Downtown Eugene is a point of contention again, with some groups advocating for cleaning up the streets of “travelers” and transients through smoking and dog bans. Eugene City Councilor Mike Clark has even called for an additional small jail right near our planned new City Hall. More jails won’t solve the problem and bans just push people out to become someone else’s problem. We need more shelters. We need a day shelter. If you can’t tell someone to go home, at least give people somewhere to go. 


EW attended the Sunday, Jan. 29, rally at the federal courthouse downtown, a response to President Trump’s executive order temporarily suspending the U.S. refugee program for those seeking asylum from a list of seven Muslim nations. (Apparently Muslim is no longer a religious designation but a political one, which begs the question about the so-call Christians now in the White House.) Such a protest, which saw estimated crowds of 1,000 or more, is a right and proper democratic response to such xenophobic, unconstitutional nonsense, and it feels good to gather and vent.

• We note with sadness the death on Jan. 20 of Edwin Coleman, jazz musician, professor of English and outspoken civil rights advocate in Eugene. He died at age 84 from complications of flu. As a jazz guitarist, Coleman backed up such musicians as Ella Fitzgerald, Vince Guaraldi and Peter, Paul and Mary. As a civil rights advocate he met the Rev. Martin Luther King Jr. As a professor at the University of Oregon, he stood for equality and tolerance, bringing his love of African-American literature, folklore and drama to generations of Oregon students.

• Let the games begin! Pete Sorenson’s announcement that this is his last four-year term as Lane County commissioner opens the floodgates for candidates to step up in his progressive South Eugene district. Not an easy job for a progressive, it does now pay $84,457 annually, making it the best political pay prospect in the county. We wonder if Andy Stahl will run again or if a smart, strong woman will try to join the current men’s club? Kudos to Pete for making this announcement four years out.
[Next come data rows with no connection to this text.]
lemma liminf_ln_ratio_ge:
  fixes q :: "nat \<Rightarrow> real"
  assumes c: "0 < c" and k: "0 < k"
    and q: "\<And>n. 1 \<le> n \<Longrightarrow> c * real n powr - (1 / k) \<le> q n"
    and q_less_1: "eventually (\<lambda>n. q n < 1) sequentially"
  shows "ereal k \<le> liminf (\<lambda>n. ereal (ln (real n) / - ln (q n)))"
proof -
  define b where "b n = ln (real n) / (ln (real n) / k - ln c)" for n
  have "filterlim (\<lambda>n. ln (real n)) at_top sequentially"
    by (rule filterlim_compose[OF ln_at_top filterlim_real_sequentially])
  then have inverse_ln: "((\<lambda>n. inverse (ln (real n))) \<longlongrightarrow> 0) sequentially"
    and "\<forall>Z. eventually (\<lambda>n. Z < ln (real n)) sequentially"
    by (simp_all add: tendsto_inverse_0_at_top filterlim_at_top_dense)
  then have ln_large: "eventually (\<lambda>n. max 0 (k * ln c) < ln (real n)) sequentially"
    by blast
  have "((\<lambda>n. k / (1 - k * ln c * inverse (ln (real n)))) \<longlongrightarrow> k / (1 - k * ln c * 0)) sequentially"
    by (intro inverse_ln tendsto_intros) simp
  moreover have "eventually (\<lambda>n. k / (1 - k * ln c * inverse (ln (real n))) = b n) sequentially"
    using ln_large by eventually_elim (use k in \<open>simp add: b_def field_simps\<close>)
  ultimately have "ereal k = liminf (\<lambda>n. ereal (b n))"
    by (intro lim_imp_Liminf[symmetric] tendsto_ereal) (auto elim: Lim_transform_eventually)
  also have "liminf (\<lambda>n. ereal (b n)) \<le> liminf (\<lambda>n. ereal (ln (real n) / - ln (q n)))"
  proof (intro Liminf_mono)
    show "eventually (\<lambda>n. ereal (b n) \<le> ereal (ln (real n) / - ln (q n))) sequentially"
      using ln_large q_less_1 eventually_ge_at_top[of 1]
    proof eventually_elim
      case (elim n)
      have "0 < c * real n powr - (1 / k)"
        using c elim by simp
      then have "ln (c * real n powr - (1 / k)) \<le> ln (q n)" and "0 < q n"
        using q[OF \<open>1 \<le> n\<close>] by auto
      then have "- ln (q n) \<le> ln (real n) / k - ln c" and "0 < - ln (q n)"
        using c elim by (simp_all add: ln_mult ln_powr)
      then have "b n \<le> ln (real n) / - ln (q n)"
        unfolding b_def using elim by (intro divide_left_mono mult_pos_pos) auto
      then show ?case
        by simp
    qed
  qed
  finally show ?thesis .
qed

section \<open>Quantization error\<close>

lemma quant_V_le_cover:
  fixes \<mu> :: "'a::real_normed_vector measure"
  assumes "prob_space \<mu>" and "AE x in \<mu>. x \<in> A" and "0 \<le> r"
    and F: "finite F" "F \<noteq> {}" "card F \<le> n"
    and cover: "\<And>x. x \<in> A \<Longrightarrow> \<exists>a\<in>F. norm (x - a) \<le> \<epsilon>"
  shows "quant_V n r \<mu> \<le> ennreal (\<epsilon> powr r)"
proof -
  have "quant_V n r \<mu> \<le> (\<integral>\<^sup>+x. ennreal (Min ((\<lambda>a. norm (x - a) powr r) ` F)) \<partial>\<mu>)"
    unfolding quant_V_def using F by (intro INF_lower) auto
  also have "\<dots> \<le> (\<integral>\<^sup>+x. ennreal (\<epsilon> powr r) \<partial>\<mu>)"
    using assms(2)
  proof (intro nn_integral_mono_AE, eventually_elim)
    case (elim x)
    then obtain a where "a \<in> F" "norm (x - a) \<le> \<epsilon>"
      using cover by blast
    have "Min ((\<lambda>a. norm (x - a) powr r) ` F) \<le> norm (x - a) powr r"
      using F \<open>a \<in> F\<close> by (intro Min_le) auto
    also have "\<dots> \<le> \<epsilon> powr r"
      using \<open>norm (x - a) \<le> \<epsilon>\<close> \<open>0 \<le> r\<close> by (intro powr_mono2) auto
    finally show ?case
      by (rule ennreal_leI)
  qed
  also have "\<dots> = ennreal (\<epsilon> powr r)"
    using prob_space.emeasure_space_1[OF assms(1)] by simp
  finally show ?thesis .
qed

lemma quant_V_finite:
  fixes \<mu> :: "'a::real_normed_vector measure"
  assumes "prob_space \<mu>" and "AE x in \<mu>. x \<in> A" and "0 \<le> r"
    and "bounded A" "A \<noteq> {}" "1 \<le> n"
  shows "quant_V n r \<mu> < \<top>"
proof -
  obtain a0 where "a0 \<in> A"
    using \<open>A \<noteq> {}\<close> by blast
  obtain R where "\<And>x. x \<in> A \<Longrightarrow> norm (x - a0) \<le> R"
    using \<open>bounded A\<close> by (auto simp: bounded_any_center[of _ a0] dist_norm norm_minus_commute)
  then have "quant_V n r \<mu> \<le> ennreal (R powr r)"
    using assms by (intro quant_V_le_cover[where F="{a0}"]) auto
  then show ?thesis
    using order.strict_trans1 by fastforce
qed

lemma eventually_quant_e_less_1:
  fixes \<mu> :: "'a::real_normed_vector measure"
  assumes "prob_space \<mu>" and "AE x in \<mu>. x \<in> A" and "0 < r"
    and "compact A" "A \<noteq> {}"
  shows "eventually (\<lambda>n. quant_e n r \<mu> < 1) sequentially"
proof -
  obtain F where F: "F \<subseteq> A" "finite F" "A \<subseteq> (\<Union>a\<in>F. ball a (1 / 2))"
    using compactE_image[OF \<open>compact A\<close>, of A "\<lambda>a. ball a (1 / 2)"] by force
  have "F \<noteq> {}"
    using F(3) \<open>A \<noteq> {}\<close> by auto
  have "quant_e n r \<mu> \<le> 1 / 2" if "card F \<le> n" for n
  proof -
    have "quant_V n r \<mu> \<le> ennreal ((1 / 2) powr r)"
      using assms F \<open>F \<noteq> {}\<close> that
      by (intro quant_V_le_cover[where F=F]) (force simp: dist_norm norm_minus_commute)+
    then have "enn2real (quant_V n r \<mu>) powr (1 / r) \<le> ((1 / 2) powr r) powr (1 / r)"
      using \<open>0 < r\<close> by (intro powr_mono2 enn2real_leI) auto
    then show ?thesis
      using \<open>0 < r\<close> by (simp add: quant_e_def powr_powr)
  qed
  then show ?thesis
    by (intro eventually_sequentiallyI[of "card F"]) force
qed

lemma quant_e_ge_of_quant_V_ge:
  assumes "0 < r" "0 < C" and "ennreal (C * real n powr - (r / k)) \<le> quant_V n r \<mu>"
    and "quant_V n r \<mu> < \<top>"
  shows "C powr (1 / r) * real n powr - (1 / k) \<le> quant_e n r \<mu>"
proof -
  have "C * real n powr - (r / k) \<le> enn2real (quant_V n r \<mu>)"
    using enn2real_mono[OF assms(3,4)] \<open>0 < C\<close> by simp
  then have "(C * real n powr - (r / k)) powr (1 / r) \<le> quant_e n r \<mu>"
    unfolding quant_e_def using assms(1,2) by (intro powr_mono2) auto
  then show ?thesis
    using assms(1,2) by (simp add: powr_mult powr_powr)
qed

section \<open>Lower bound for separated self-similar measures\<close>

locale self_similar_separated =
  fixes \<mu> :: "'a::euclidean_space measure" and W :: "'i set" and g :: "'i \<Rightarrow> 'a \<Rightarrow> 'a"
    and P S :: "'i \<Rightarrow> real" and A :: "'a set" and \<delta> :: real
  assumes prob: "prob_space \<mu>" and sets_\<mu>: "sets \<mu> = sets borel"
    and invariant: "\<And>B. B \<in> sets borel \<Longrightarrow> emeasure \<mu> B = (\<Sum>i\<in>W. ennreal (P i) * emeasure \<mu> (g i -` B))"
    and finite_W: "finite W"
    and P_pos: "\<And>i. i \<in> W \<Longrightarrow> 0 < P i"
    and S_pos: "\<And>i. i \<in> W \<Longrightarrow> 0 < S i" and S_less_1: "\<And>i. i \<in> W \<Longrightarrow> S i < 1"
    and continuous_g: "\<And>i. i \<in> W \<Longrightarrow> continuous_on UNIV (g i)"
    and dist_g_ge: "\<And>i x y. i \<in> W \<Longrightarrow> S i * dist x y \<le> dist (g i x) (g i y)"
    and compact_A: "compact A" and g_A: "\<And>i. i \<in> W \<Longrightarrow> g i ` A \<subseteq> A"
    and AE_A: "AE x in \<mu>. x \<in> A"
    and \<delta>_pos: "0 < \<delta>"
    and separated: "\<And>i j x y. i \<in> W \<Longrightarrow> j \<in> W \<Longrightarrow> i \<noteq> j \<Longrightarrow> x \<in> A \<Longrightarrow> y \<in> A \<Longrightarrow>
      \<delta> \<le> dist (g i x) (g j y)"
begin

lemma space_\<mu>: "space \<mu> = UNIV"
  using sets_eq_imp_space_eq[OF sets_\<mu>] by simp

lemma A_nonempty: "A \<noteq> {}"
  using AE_A prob_space.AE_False[OF prob] by force

lemma nn_integral_invariant:
  assumes "u \<in> borel_measurable borel"
  shows "(\<integral>\<^sup>+x. u x \<partial>\<mu>) = (\<Sum>i\<in>W. ennreal (P i) * (\<integral>\<^sup>+x. u (g i x) \<partial>\<mu>))"
proof (rule nn_integral_invariant_sum)
  show "g i \<in> \<mu> \<rightarrow>\<^sub>M \<mu>" if "i \<in> W" for i
    using borel_measurable_continuous_onI[OF continuous_g[OF that]]
    by (simp add: measurable_cong_sets[OF sets_\<mu> sets_\<mu>])
  show "emeasure \<mu> B = (\<Sum>i\<in>W. ennreal (P i) * emeasure \<mu> (g i -` B \<inter> space \<mu>))" if "B \<in> sets \<mu>" for B
    using invariant that by (simp add: sets_\<mu> space_\<mu>)
  show "u \<in> borel_measurable \<mu>"
    using assms by (simp add: measurable_cong_sets[OF sets_\<mu> refl])
qed

lemma card_W_ge_2:
  assumes r: "0 < r" and k: "0 < k" and weights: "(\<Sum>i\<in>W. (P i * S i powr r) powr (k / (r + k))) = 1"
  shows "2 \<le> card W"
proof (rule ccontr)
  assume "\<not> 2 \<le> card W"
  moreover have "0 < card W"
    using weights finite_W by (auto simp: card_gt_0_iff)
  ultimately have "card W = 1"
    by linarith
  then obtain i where W: "W = {i}"
    by (metis One_nat_def card_1_singleton_iff)
  then have "P i = 1"
    using invariant_weights_sum[OF prob sets_\<mu> invariant] P_pos[of i] by simp
  moreover have "S i powr r < 1"
    using powr_less_mono2[OF r, of "S i" 1] S_pos[of i] S_less_1[of i] W by simp
  ultimately have "(P i * S i powr r) powr (k / (r + k)) < 1"
    using powr_less_mono2[of "k / (r + k)" "P i * S i powr r" 1] r k by simp
  with W weights show False by simp
qed

text \<open>\<open>G\<close> stands for a composition \<open>g\<^sub>\<tau>\<close> of the maps and \<open>t\<close> for its contraction ratio
  \<open>S\<^sub>\<tau>\<close>; the cylinder \<open>G ` A\<close> is then separated from its neighbours by \<open>\<delta> t\<close>.\<close>
definition admissible :: "('a \<Rightarrow> 'a) \<Rightarrow> real \<Rightarrow> bool" where
  "admissible G t \<longleftrightarrow> continuous_on UNIV G \<and> 0 < t \<and> t \<le> 1 \<and> (\<forall>x y. t * dist x y \<le> dist (G x) (G y))"

definition near_points :: "'a set \<Rightarrow> ('a \<Rightarrow> 'a) \<Rightarrow> real \<Rightarrow> 'a set" where
  "near_points \<alpha> G t = {a\<in>\<alpha>. \<exists>x\<in>A. dist a (G x) < \<delta> * t / 2}"

definition truncated_cost :: "real \<Rightarrow> 'a set \<Rightarrow> ('a \<Rightarrow> 'a) \<Rightarrow> real \<Rightarrow> ennreal" where
  "truncated_cost r \<alpha> G t = (\<integral>\<^sup>+y. ennreal (min (infdist (G y) \<alpha>) (\<delta> * t / 2) powr r) \<partial>\<mu>)"

definition cost_constant :: "real \<Rightarrow> real" where
  "cost_constant r = Min ((\<lambda>i. P i * S i powr r) ` W) * (\<delta> / 2) powr r"

lemma admissible_id: "admissible id 1"
  by (simp add: admissible_def)

lemma admissible_comp:
  assumes "admissible G t" "i \<in> W"
  shows "admissible (G \<circ> g i) (t * S i)"
proof -
  have "t * S i * dist x y \<le> t * dist (g i x) (g i y)" for x y
    using assms mult_left_mono[OF dist_g_ge[of i x y], of t] by (simp add: admissible_def mult.assoc)
  also have "\<dots> x y \<le> dist (G (g i x)) (G (g i y))" for x y
    using assms(1) by (simp add: admissible_def)
  finally have "t * S i * dist x y \<le> dist ((G \<circ> g i) x) ((G \<circ> g i) y)" for x y
    by simp
  moreover have "continuous_on UNIV (G \<circ> g i)"
    using assms continuous_on_compose[OF continuous_g continuous_on_subset[of UNIV G]]
    by (simp add: admissible_def)
  ultimately show ?thesis
    using assms S_pos[of i] S_less_1[of i] by (simp add: admissible_def mult_le_one)
qed

lemma admissible_scale_le:
  assumes "admissible G t" "i \<in> W"
  shows "\<delta> * (t * S i) / 2 \<le> \<delta> * t / 2"
  using assms S_less_1[of i] \<delta>_pos by (auto simp: admissible_def intro!: mult_right_le_one_le)

lemma finite_near_points: "finite \<alpha> \<Longrightarrow> finite (near_points \<alpha> G t)"
  by (simp add: near_points_def)

lemma cost_constant_pos: "0 < cost_constant r"
proof -
  have "W \<noteq> {}"
    using invariant_weights_sum[OF prob sets_\<mu> invariant] by auto
  have "0 < Min ((\<lambda>i. P i * S i powr r) ` W)"
    using finite_W \<open>W \<noteq> {}\<close> by (subst Min_gr_iff) (auto intro!: mult_pos_pos P_pos dest: S_pos)
  then show ?thesis
    using \<delta>_pos by (simp add: cost_constant_def)
qed

lemma cost_constant_le:
  assumes "i \<in> W"
  shows "cost_constant r \<le> P i * S i powr r * (\<delta> / 2) powr r"
  unfolding cost_constant_def using assms finite_W by (intro mult_right_mono Min_le) auto

lemma truncated_cost_children_le:
  assumes "0 \<le> r" "admissible G t"
  shows "(\<Sum>i\<in>W. ennreal (P i) * truncated_cost r \<alpha> (G \<circ> g i) (t * S i)) \<le> truncated_cost r \<alpha> G t"
proof -
  have [measurable]: "(\<lambda>y. infdist (G y) \<alpha>) \<in> borel_measurable borel"
    using assms(2) unfolding admissible_def by (intro borel_measurable_continuous_onI continuous_intros) auto
  have "(\<lambda>y. ennreal (min (infdist (G y) \<alpha>) (\<delta> * t / 2) powr r)) \<in> borel_measurable borel"
    by measurable
  then have "truncated_cost r \<alpha> G t =
      (\<Sum>i\<in>W. ennreal (P i) * (\<integral>\<^sup>+y. ennreal (min (infdist (G (g i y)) \<alpha>) (\<delta> * t / 2) powr r) \<partial>\<mu>))"
    unfolding truncated_cost_def by (rule nn_integral_invariant)
  moreover have "truncated_cost r \<alpha> (G \<circ> g i) (t * S i) \<le>
      (\<integral>\<^sup>+y. ennreal (min (infdist (G (g i y)) \<alpha>) (\<delta> * t / 2) powr r) \<partial>\<mu>)" if "i \<in> W" for i
    unfolding truncated_cost_def using admissible_scale_le[OF assms(2) that] assms(1) \<delta>_pos S_pos[OF that] assms(2)
    by (intro nn_integral_mono ennreal_leI powr_mono2 min.mono) (auto simp: admissible_def infdist_nonneg)
  ultimately show ?thesis
    by (auto intro!: sum_mono mult_left_mono)
qed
Monday, Jan. 16, is Martin Luther King Jr. Day. If you haven’t already, take a moment to read MLK’s “Letter from Birmingham Jail” or his “I Have a Dream” speech and remind yourself of how far we have come and how very far we still have to go when it comes to race and racism in this country. The Eugene-Springfield NAACP says that the 2017 MLK Jr. March shaping up to be biggest to date, and as well it should. Black Lives Matter.